Write out only the lines running from the one that contains "sum.swap) (simp add: add.commute)" to the end of the material, both ends included.
== == ==
(* For every integer $n\ge 3$, the prism graph $P_2\,\square\,C_n$ (of order $2n$) is not orientable $\mathbb{Z}_{2n}$-distance magic.
   Context: $P_2$ is the path on 2 vertices and $C_n$ the cycle on $n$ vertices. The Cartesian product $G\,\square\,H$ has vertex set $V(G)\times V(H)$, with $(g,h)$ adjacent to $(g',h')$ iff either $g=g'$ and $h$ is adjacent to $h'$ in $H$, or $h=h'$ and $g$ is adjacent to $g'$ in $G$. For an oriented graph $\vec G$ and a vertex $x$, $N^+(x)$ is the set of vertices $y$ with an arc from $x$ to $y$, and $N^-(x)$ is the set of vertices $y$ with an arc from $y$ to $x$. For an Abelian group $\Gamma$ of order $n$, a directed $\Gamma$-distance magic labeling of an oriented graph $\vec G$ of order $n$ is a bijection $\vec l:V\to\Gamma$ such that there is $\mu\in\Gamma$ with $\sum_{y\in N^+(x)}\vec l(y)-\sum_{y\in N^-(x)}\vec l(y)=\mu$ for every vertex $x$. A simple graph $G$ of order $n$ is orientable $\Gamma$-distance magic if some orientation of its edges admits a directed $\Gamma$-distance magic labeling. $\mathbb{Z}_n$ is the cyclic group of integers modulo $n$. *)

theory Defs
  imports Main
begin

text \<open>A simple graph is given by a vertex set V and a symmetric irreflexive
edge relation E (only its restriction to V matters).\<close>

definition is_orientation :: "'a set \<Rightarrow> ('a \<Rightarrow> 'a \<Rightarrow> bool) \<Rightarrow> ('a \<times> 'a) set \<Rightarrow> bool" where
  "is_orientation V E A \<longleftrightarrow>
     A \<subseteq> {(x, y). x \<in> V \<and> y \<in> V \<and> E x y} \<and>
     (\<forall>x\<in>V. \<forall>y\<in>V. E x y \<longrightarrow> ((x, y) \<in> A \<longleftrightarrow> (y, x) \<notin> A))"

definition out_nbrs :: "('a \<times> 'a) set \<Rightarrow> 'a \<Rightarrow> 'a set" where
  "out_nbrs A x = {y. (x, y) \<in> A}"

definition in_nbrs :: "('a \<times> 'a) set \<Rightarrow> 'a \<Rightarrow> 'a set" where
  "in_nbrs A x = {y. (y, x) \<in> A}"

definition directed_Zm_distance_magic_labeling ::
  "nat \<Rightarrow> 'a set \<Rightarrow> ('a \<times> 'a) set \<Rightarrow> ('a \<Rightarrow> int) \<Rightarrow> bool" where
  "directed_Zm_distance_magic_labeling m V A l \<longleftrightarrow>
     bij_betw l V {0..<int m} \<and>
     (\<exists>\<mu>. \<forall>x\<in>V.
        ((\<Sum>y\<in>out_nbrs A x. l y) - (\<Sum>y\<in>in_nbrs A x. l y)) mod int m = \<mu> mod int m)"

definition orientable_Zm_distance_magic :: "nat \<Rightarrow> 'a set \<Rightarrow> ('a \<Rightarrow> 'a \<Rightarrow> bool) \<Rightarrow> bool" where
  "orientable_Zm_distance_magic m V E \<longleftrightarrow>
     (\<exists>A l. is_orientation V E A \<and> directed_Zm_distance_magic_labeling m V A l)"

definition prism_vertices :: "nat \<Rightarrow> (nat \<times> nat) set" where
  "prism_vertices n = {0, 1} \<times> {0..<n}"

definition prism_edge :: "nat \<Rightarrow> nat \<times> nat \<Rightarrow> nat \<times> nat \<Rightarrow> bool" where
  "prism_edge n u v \<longleftrightarrow>
     (fst u = fst v \<and> (snd v = (snd u + 1) mod n \<or> snd u = (snd v + 1) mod n)) \<or>
     (snd u = snd v \<and> fst u \<noteq> fst v)"

end

theory Submission
  imports Defs
begin

text \<open>Let w(x) be the label sum over the out-neighbours of x minus that over its in-neighbours.
  Summing l(x) w(x) over all vertices gives 0, as each arc (x, y) contributes
  l(x) l(y) - l(y) l(x). Since w(x) = \<mu> (mod 2n) and the labels sum to n(2n - 1), 2n divides
  \<mu> n, so \<mu> and hence every w(x) is even: the labels of the neighbours of each vertex have an
  even sum. In the prism this says that the parities a_j, b_j of the labels on the two cycles
  satisfy a_j + a_(j+2) + b_(j+1) = b_j + b_(j+2) + a_(j+1) = 0 (mod 2), while exactly n of the
  2n labels are odd. These relations force b_j = a_(j+3) and make a 6-periodic with an even
  number of ones in any 6 consecutive places; but then exactly half of the a_j are ones, which
  means 3 ones in every such window.\<close>

definition dir_weight :: "('a \<times> 'a) set \<Rightarrow> ('a \<Rightarrow> int) \<Rightarrow> 'a \<Rightarrow> int" where
  "dir_weight A l x = (\<Sum>y\<in>out_nbrs A x. l y) - (\<Sum>y\<in>in_nbrs A x. l y)"

lemma orientation_subset_Times: "is_orientation V E A \<Longrightarrow> A \<subseteq> V \<times> V"
  unfolding is_orientation_def by auto

lemma sum_mult_dir_weight_eq_0:
  assumes "finite V" and "A \<subseteq> V \<times> V"
  shows "(\<Sum>x\<in>V. l x * dir_weight A l x) = 0"
proof -
  have fin: "finite (out_nbrs A x)" "finite (in_nbrs A x)" for x
    using assms by (auto intro: finite_subset simp: out_nbrs_def in_nbrs_def)
  have "Sigma V (out_nbrs A) = A" "Sigma V (in_nbrs A) = prod.swap ` A"
    using assms(2) by (auto simp: out_nbrs_def in_nbrs_def)
  then have "(\<Sum>x\<in>V. \<Sum>y\<in>out_nbrs A x. l x * l y) = (\<Sum>(x, y)\<in>A. l x * l y)"
    and "(\<Sum>x\<in>V. \<Sum>y\<in>in_nbrs A x. l x * l y) = (\<Sum>(x, y)\<in>A. l y * l x)"
    using sum.Sigma[OF assms(1), of _ "\<lambda>x y. l x * l y"] fin
    by (simp_all add: sum.reindex case_prod_beta)
  then show ?thesis
    by (simp add: dir_weight_def right_diff_distrib sum_distrib_left sum_subtractf mult.commute)
qed

lemma sum_bij_betw_atLeastLessThan_int:
  assumes "bij_betw l V {0..<int m}"
  shows "(\<Sum>x\<in>V. g (l x)) = (\<Sum>k<m. g (int k))"
proof -
  have "(\<Sum>x\<in>V. g (l x)) = sum g {0..<int m}" using sum.reindex_bij_betw[OF assms] by simp
  also have "\<dots> = sum g (int ` {..<m})" using image_atLeastZeroLessThan_int[of "int m"] by simp
  also have "\<dots> = (\<Sum>k<m. g (int k))" by (simp add: sum.reindex)
  finally show ?thesis .
qed

lemma double_sum_lessThan_int: "2 * (\<Sum>k<m. int k) = int m * (int m - 1)"
  by (induction m) (simp_all add: algebra_simps)

lemma sum_lessThan_double_mod_2: "(\<Sum>k<2 * n. int k mod 2) = int n"
  by (induction n) (simp_all add: mod_Suc_eq)

lemma dir_weight_even:
  assumes "finite V" and "A \<subseteq> V \<times> V" and "n > 0"
    and "directed_Zm_distance_magic_labeling (2 * n) V A l" and "x \<in> V"
  shows "even (dir_weight A l x)"
proof -
  obtain \<mu> where bij: "bij_betw l V {0..<int (2 * n)}"
    and \<mu>: "\<And>x. x \<in> V \<Longrightarrow> int (2 * n) dvd dir_weight A l x - \<mu>"
    using assms(4) unfolding directed_Zm_distance_magic_labeling_def dir_weight_def
    by (auto simp: mod_eq_dvd_iff)
  have "int (2 * n) dvd (\<Sum>x\<in>V. l x * (dir_weight A l x - \<mu>))"
    by (intro dvd_sum dvd_mult \<mu>)
  also have "(\<Sum>x\<in>V. l x * (dir_weight A l x - \<mu>)) = - (\<mu> * (\<Sum>x\<in>V. l x))"
    using sum_mult_dir_weight_eq_0[OF assms(1,2)]
    by (simp add: right_diff_distrib sum_subtractf sum_distrib_left mult.commute)
  also have "(\<Sum>x\<in>V. l x) = int n * (2 * int n - 1)"
    using sum_bij_betw_atLeastLessThan_int[OF bij, of id] double_sum_lessThan_int[of "2 * n"]
    by simp
  finally have "int (2 * n) dvd int (2 * n) * (\<mu> * int n) - \<mu> * (int n * (2 * int n - 1))"
    by simp
  then have "2 * int n dvd \<mu> * int n" by (simp add: algebra_simps)
  then have "even \<mu>" using \<open>n > 0\<close> by (simp add: mult.commute)
  then show ?thesis using \<mu>[OF assms(5)] by (auto dest: dvd_mult_left)
qed

lemma sum_nbrs_eq_out_plus_in:
  assumes "is_orientation V E A" and "\<And>x y. E x y \<Longrightarrow> E y x" and "finite V" and "x \<in> V"
  shows "(\<Sum>y\<in>{y \<in> V. E x y}. f y) = (\<Sum>y\<in>out_nbrs A x. f y) + (\<Sum>y\<in>in_nbrs A x. f y)"
proof -
  have "{y \<in> V. E x y} = out_nbrs A x \<union> in_nbrs A x"
    and "out_nbrs A x \<inter> in_nbrs A x = {}"
    using assms unfolding is_orientation_def out_nbrs_def in_nbrs_def by blast+
  moreover have "finite (out_nbrs A x)" "finite (in_nbrs A x)"
    using assms orientation_subset_Times[OF assms(1)]
    by (auto intro: finite_subset simp: out_nbrs_def in_nbrs_def)
  ultimately show ?thesis by (simp add: sum.union_disjoint)
qed

lemma sum_nbrs_label_even:
  assumes "is_orientation V E A" and "\<And>x y. E x y \<Longrightarrow> E y x" and "finite V" and "n > 0"
    and "directed_Zm_distance_magic_labeling (2 * n) V A l" and "x \<in> V"
  shows "even (\<Sum>y\<in>{y \<in> V. E x y}. l y)"
proof -
  have "(\<Sum>y\<in>{y \<in> V. E x y}. l y) = dir_weight A l x + 2 * (\<Sum>y\<in>in_nbrs A x. l y)"
    using sum_nbrs_eq_out_plus_in[OF assms(1-3,6), of l] unfolding dir_weight_def by linarith
  then show ?thesis
    using dir_weight_even[OF assms(3) orientation_subset_Times[OF assms(1)] assms(4-6)] by simp
qed

lemma prism_edge_sym: "prism_edge n u v \<Longrightarrow> prism_edge n v u"
  unfolding prism_edge_def by auto

lemma sum_prism_vertices: "(\<Sum>x\<in>prism_vertices n. f x) = (\<Sum>j<n. f (0, j)) + (\<Sum>j<n. f (1, j))"
  by (simp add: prism_vertices_def sum.cartesian_product' atLeast0LessThan)

lemma Suc_mod_eq_Suc_mod_iff: "Suc j mod n = Suc k mod n \<longleftrightarrow> j mod n = k mod (n::nat)"
  by (simp add: mod_eq_iff_dvd_symdiff_nat)

lemma prism_nbrs:
  assumes "n > 0" and "i \<le> 1"
  shows "{y \<in> prism_vertices n. prism_edge n (i, (j + 1) mod n) y}
         = {(i, j mod n), (i, (j + 2) mod n), (1 - i, (j + 1) mod n)}"
proof (intro set_eqI iffI)
  fix y assume "y \<in> {y \<in> prism_vertices n. prism_edge n (i, (j + 1) mod n) y}"
  then obtain i' k where y: "y = (i', k)" "i' \<le> 1" "k < n"
    and e: "prism_edge n (i, (j + 1) mod n) (i', k)"
    by (auto simp: prism_vertices_def)
  have "k = ((j + 1) mod n + 1) mod n \<longleftrightarrow> k = (j + 2) mod n"
    by (simp add: mod_Suc_eq)
  moreover have "(j + 1) mod n = (k + 1) mod n \<longleftrightarrow> k = j mod n"
    using Suc_mod_eq_Suc_mod_iff[of j n k] \<open>k < n\<close> by auto
  moreover have "i \<noteq> i' \<longleftrightarrow> i' = 1 - i" using assms y by arith
  ultimately show "y \<in> {(i, j mod n), (i, (j + 2) mod n), (1 - i, (j + 1) mod n)}"
    using e y unfolding prism_edge_def fst_conv snd_conv by auto
next
  fix y assume "y \<in> {(i, j mod n), (i, (j + 2) mod n), (1 - i, (j + 1) mod n)}"
  moreover have "((j + 1) mod n + 1) mod n = (j + 2) mod n" by (simp add: mod_Suc_eq)
  moreover have "1 - i \<noteq> i" using assms by arith
  ultimately show "y \<in> {y \<in> prism_vertices n. prism_edge n (i, (j + 1) mod n) y}"
    using assms by (auto simp: prism_vertices_def prism_edge_def mod_Suc_eq)
qed

lemma mod_neq_add_2_mod:
  assumes "n \<ge> 3"
  shows "j mod n \<noteq> (j + 2) mod (n::nat)"
proof
  assume "j mod n = (j + 2) mod n"
  then have "n dvd 2" using mod_eq_dvd_iff_nat[of j "j + 2" n] by simp
  then show False using assms by (auto dest: dvd_imp_le)
qed

lemma sum_prism_nbrs:
  assumes "n \<ge> 3" and "i \<le> 1"
  shows "(\<Sum>y\<in>{y \<in> prism_vertices n. prism_edge n (i, (j + 1) mod n) y}. f y)
         = f (i, j mod n) + f (i, (j + 2) mod n) + f (1 - i, (j + 1) mod n)"
proof -
  have "n > 0" "1 - i \<noteq> i" using assms by arith+
  then show ?thesis
    unfolding prism_nbrs[OF \<open>n > 0\<close> assms(2)]
    using mod_neq_add_2_mod[OF assms(1), of j] by (simp add: add.assoc)
qed
lemma sum_lessThan_shift_periodic:
  fixes f :: "nat \<Rightarrow> 'a::cancel_comm_monoid_add"
  assumes "\<And>j. f (j + p) = f j"
  shows "(\<Sum>j<p. f (j + k)) = (\<Sum>j<p. f j)"
proof (induction k)
  case (Suc k)
  have "f k + (\<Sum>j<p. f (j + Suc k)) = (\<Sum>j<Suc p. f (j + k))"
    by (subst sum.lessThan_Suc_shift) simp
  also have "\<dots> = (\<Sum>j<p. f (j + k)) + f k"
    using assms[of k] by (simp add: add.commute)
  finally show ?case using Suc by (simp add: add.commute)
qed simp

lemma prism_parity_pattern_impossible:
  fixes a b :: "nat \<Rightarrow> int"
  assumes "n > 0"
    and a01: "\<And>j. a j \<in> {0, 1}" and b01: "\<And>j. b j \<in> {0, 1}"
    and a_per: "\<And>j. a (j + n) = a j" and b_per: "\<And>j. b (j + n) = b j"
    and a_nbrs: "\<And>j. even (a j + a (j + 2) + b (j + 1))"
    and b_nbrs: "\<And>j. even (b j + b (j + 2) + a (j + 1))"
    and count: "(\<Sum>j<n. a j) + (\<Sum>j<n. b j) = int n"
  shows False
proof -
  have triple: "even (a j + a (j + 2) + a (j + 4))" for j
  proof -
    have "even (b (j + 1) + b (j + 3) + a (j + 2))" "even (a (j + 2) + a (j + 4) + b (j + 3))"
      using b_nbrs[of "j + 1"] a_nbrs[of "j + 2"] by (simp_all add: eval_nat_numeral)
    with a_nbrs[of j] show ?thesis by presburger
  qed
  have b_a: "b (j + 1) = a (j + 4)" for j
  proof -
    have "even (b (j + 1) + a (j + 4))" using a_nbrs[of j] triple[of j] by presburger
    then show ?thesis using a01[of "j + 4"] b01[of "j + 1"] by auto
  qed
  have a6: "a (j + 6) = a j" for j
  proof -
    have "even (a (j + 2) + a (j + 4) + a (j + 6))"
      using triple[of "j + 2"] by (simp add: eval_nat_numeral)
    with triple[of j] have "even (a j + a (j + 6))" by presburger
    then show ?thesis using a01[of j] a01[of "j + 6"] by auto
  qed
  have "b j = a (j + 3)" for j
  proof -
    have "b j = b (j + n - 1 + 1)" using b_per[of j] \<open>n > 0\<close> by simp
    also have "\<dots> = a (j + 3 + n)" using b_a[of "j + n - 1"] \<open>n > 0\<close> by (simp add: ac_simps)
    finally show ?thesis using a_per by simp
  qed
  then have "(\<Sum>j<n. b j) = (\<Sum>j<n. a j)"
    using sum_lessThan_shift_periodic[of a n 3] a_per by simp
  with count have half: "2 * (\<Sum>j<n. a j) = int n" by simp
  define w where "w = (\<Sum>k<6. a k)"
  have "even w"
    using triple[of 0] triple[of 1] by (simp add: w_def eval_nat_numeral) presburger
  have "int n * w = (\<Sum>j<n. \<Sum>k<6. a (k + j))"
    using sum_lessThan_shift_periodic[of a 6] a6 by (simp add: w_def)
  also have "\<dots> = (\<Sum>k<6. \<Sum>j<n. a (j + k))" by (subst sum.swap) (simp add: add.commute)
  also have "\<dots> = 6 * (\<Sum>j<n. a j)" using sum_lessThan_shift_periodic[of a n] a_per by simp
  finally have "int n * w = int n * 3" using half by simp
  then have "w = 3" using \<open>n > 0\<close> by simp
  with \<open>even w\<close> show False by simp
qed

theorem theorem7:
  fixes n :: nat
  assumes "n \<ge> 3"
  shows "\<not> orientable_Zm_distance_magic (2 * n) (prism_vertices n) (prism_edge n)"
proof
  assume "orientable_Zm_distance_magic (2 * n) (prism_vertices n) (prism_edge n)"
  then obtain A l where orient: "is_orientation (prism_vertices n) (prism_edge n) A"
    and magic: "directed_Zm_distance_magic_labeling (2 * n) (prism_vertices n) A l"
    unfolding orientable_Zm_distance_magic_def by blast
  have "n > 0" using assms by simp
  have nbrs_even: "even (l (i, j mod n) + l (i, (j + 2) mod n) + l (1 - i, (j + 1) mod n))"
    if "i \<le> 1" for i j
  proof -
    have "finite (prism_vertices n)" "(i, (j + 1) mod n) \<in> prism_vertices n"
      using \<open>n > 0\<close> that by (auto simp: prism_vertices_def)
    from sum_nbrs_label_even[OF orient prism_edge_sym this(1) \<open>n > 0\<close> magic this(2)]
    show ?thesis by (simp only: sum_prism_nbrs[OF assms that])
  qed
  define a where "a j = l (0, j mod n) mod 2" for j
  define b where "b j = l (1, j mod n) mod 2" for j
  have "(\<Sum>j<n. a j) + (\<Sum>j<n. b j) = (\<Sum>x\<in>prism_vertices n. l x mod 2)"
    unfolding sum_prism_vertices a_def b_def by simp
  also have "\<dots> = int n"
    using sum_bij_betw_atLeastLessThan_int[of l _ "2 * n" "\<lambda>k. k mod 2"] magic
    by (simp add: directed_Zm_distance_magic_labeling_def sum_lessThan_double_mod_2)
  finally show False
    using prism_parity_pattern_impossible[OF \<open>n > 0\<close>, of a b] nbrs_even[of 0] nbrs_even[of 1]
    unfolding a_def b_def by simp presburger
qed

end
== == ==
▶ Response to this exercise:
  also have "\<dots> = (\<Sum>k<6. \<Sum>j<n. a (j + k))" by (subst sum.swap) (simp add: add.commute)
  also have "\<dots> = 6 * (\<Sum>j<n. a j)" using sum_lessThan_shift_periodic[of a n] a_per by simp
  finally have "int n * w = int n * 3" using half by simp
  then have "w = 3" using \<open>n > 0\<close> by simp
  with \<open>even w\<close> show False by simp
qed

theorem theorem7:
  fixes n :: nat
  assumes "n \<ge> 3"
  shows "\<not> orientable_Zm_distance_magic (2 * n) (prism_vertices n) (prism_edge n)"
proof
  assume "orientable_Zm_distance_magic (2 * n) (prism_vertices n) (prism_edge n)"
  then obtain A l where orient: "is_orientation (prism_vertices n) (prism_edge n) A"
    and magic: "directed_Zm_distance_magic_labeling (2 * n) (prism_vertices n) A l"
    unfolding orientable_Zm_distance_magic_def by blast
  have "n > 0" using assms by simp
  have nbrs_even: "even (l (i, j mod n) + l (i, (j + 2) mod n) + l (1 - i, (j + 1) mod n))"
    if "i \<le> 1" for i j
  proof -
    have "finite (prism_vertices n)" "(i, (j + 1) mod n) \<in> prism_vertices n"
      using \<open>n > 0\<close> that by (auto simp: prism_vertices_def)
    from sum_nbrs_label_even[OF orient prism_edge_sym this(1) \<open>n > 0\<close> magic this(2)]
    show ?thesis by (simp only: sum_prism_nbrs[OF assms that])
  qed
  define a where "a j = l (0, j mod n) mod 2" for j
  define b where "b j = l (1, j mod n) mod 2" for j
  have "(\<Sum>j<n. a j) + (\<Sum>j<n. b j) = (\<Sum>x\<in>prism_vertices n. l x mod 2)"
    unfolding sum_prism_vertices a_def b_def by simp
  also have "\<dots> = int n"
    using sum_bij_betw_atLeastLessThan_int[of l _ "2 * n" "\<lambda>k. k mod 2"] magic
    by (simp add: directed_Zm_distance_magic_labeling_def sum_lessThan_double_mod_2)
  finally show False
    using prism_parity_pattern_impossible[OF \<open>n > 0\<close>, of a b] nbrs_even[of 0] nbrs_even[of 1]
    unfolding a_def b_def by simp presburger
qed

end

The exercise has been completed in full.